# [ASSIGNMENT]
An exact reproduction of every record is required.

════════════════════

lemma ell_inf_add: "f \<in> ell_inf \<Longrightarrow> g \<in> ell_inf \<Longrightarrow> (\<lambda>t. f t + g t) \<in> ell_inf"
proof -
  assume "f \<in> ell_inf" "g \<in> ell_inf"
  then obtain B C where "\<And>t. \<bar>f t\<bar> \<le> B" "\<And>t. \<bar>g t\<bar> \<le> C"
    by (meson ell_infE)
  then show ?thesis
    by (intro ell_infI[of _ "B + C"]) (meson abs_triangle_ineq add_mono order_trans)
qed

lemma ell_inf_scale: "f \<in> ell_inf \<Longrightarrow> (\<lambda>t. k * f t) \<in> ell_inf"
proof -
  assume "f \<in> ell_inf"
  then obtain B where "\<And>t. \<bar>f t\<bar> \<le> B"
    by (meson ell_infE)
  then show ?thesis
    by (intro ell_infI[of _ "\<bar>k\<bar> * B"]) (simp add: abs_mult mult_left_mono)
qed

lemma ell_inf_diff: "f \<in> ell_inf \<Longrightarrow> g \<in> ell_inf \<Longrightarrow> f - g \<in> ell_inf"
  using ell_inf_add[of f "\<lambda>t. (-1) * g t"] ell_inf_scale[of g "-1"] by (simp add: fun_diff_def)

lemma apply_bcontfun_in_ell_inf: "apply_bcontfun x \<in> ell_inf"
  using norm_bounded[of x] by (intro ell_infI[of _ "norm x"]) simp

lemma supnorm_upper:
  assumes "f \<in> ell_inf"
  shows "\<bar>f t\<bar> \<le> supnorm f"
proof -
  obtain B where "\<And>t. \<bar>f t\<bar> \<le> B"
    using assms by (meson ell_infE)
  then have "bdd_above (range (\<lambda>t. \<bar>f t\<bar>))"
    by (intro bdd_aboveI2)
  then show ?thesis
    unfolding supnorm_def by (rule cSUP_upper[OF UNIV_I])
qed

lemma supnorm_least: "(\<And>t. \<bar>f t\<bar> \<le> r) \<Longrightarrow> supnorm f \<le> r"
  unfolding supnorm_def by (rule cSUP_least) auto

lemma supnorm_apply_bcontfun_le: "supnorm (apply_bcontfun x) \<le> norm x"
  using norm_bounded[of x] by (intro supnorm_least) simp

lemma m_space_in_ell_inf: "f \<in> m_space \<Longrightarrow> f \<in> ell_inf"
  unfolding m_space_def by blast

════════════════════

# [OUTPUT FOR THIS TASK]
lemma ell_inf_add: "f \<in> ell_inf \<Longrightarrow> g \<in> ell_inf \<Longrightarrow> (\<lambda>t. f t + g t) \<in> ell_inf"
proof -
  assume "f \<in> ell_inf" "g \<in> ell_inf"
  then obtain B C where "\<And>t. \<bar>f t\<bar> \<le> B" "\<And>t. \<bar>g t\<bar> \<le> C"
    by (meson ell_infE)
  then show ?thesis
    by (intro ell_infI[of _ "B + C"]) (meson abs_triangle_ineq add_mono order_trans)
qed

lemma ell_inf_scale: "f \<in> ell_inf \<Longrightarrow> (\<lambda>t. k * f t) \<in> ell_inf"
proof -
  assume "f \<in> ell_inf"
  then obtain B where "\<And>t. \<bar>f t\<bar> \<le> B"
    by (meson ell_infE)
  then show ?thesis
    by (intro ell_infI[of _ "\<bar>k\<bar> * B"]) (simp add: abs_mult mult_left_mono)
qed

lemma ell_inf_diff: "f \<in> ell_inf \<Longrightarrow> g \<in> ell_inf \<Longrightarrow> f - g \<in> ell_inf"
  using ell_inf_add[of f "\<lambda>t. (-1) * g t"] ell_inf_scale[of g "-1"] by (simp add: fun_diff_def)

lemma apply_bcontfun_in_ell_inf: "apply_bcontfun x \<in> ell_inf"
  using norm_bounded[of x] by (intro ell_infI[of _ "norm x"]) simp

lemma supnorm_upper:
  assumes "f \<in> ell_inf"
  shows "\<bar>f t\<bar> \<le> supnorm f"
proof -
  obtain B where "\<And>t. \<bar>f t\<bar> \<le> B"
    using assms by (meson ell_infE)
  then have "bdd_above (range (\<lambda>t. \<bar>f t\<bar>))"
    by (intro bdd_aboveI2)
  then show ?thesis
    unfolding supnorm_def by (rule cSUP_upper[OF UNIV_I])
qed

lemma supnorm_least: "(\<And>t. \<bar>f t\<bar> \<le> r) \<Longrightarrow> supnorm f \<le> r"
  unfolding supnorm_def by (rule cSUP_least) auto

lemma supnorm_apply_bcontfun_le: "supnorm (apply_bcontfun x) \<le> norm x"
  using norm_bounded[of x] by (intro supnorm_least) simp

lemma m_space_in_ell_inf: "f \<in> m_space \<Longrightarrow> f \<in> ell_inf"
  unfolding m_space_def by blast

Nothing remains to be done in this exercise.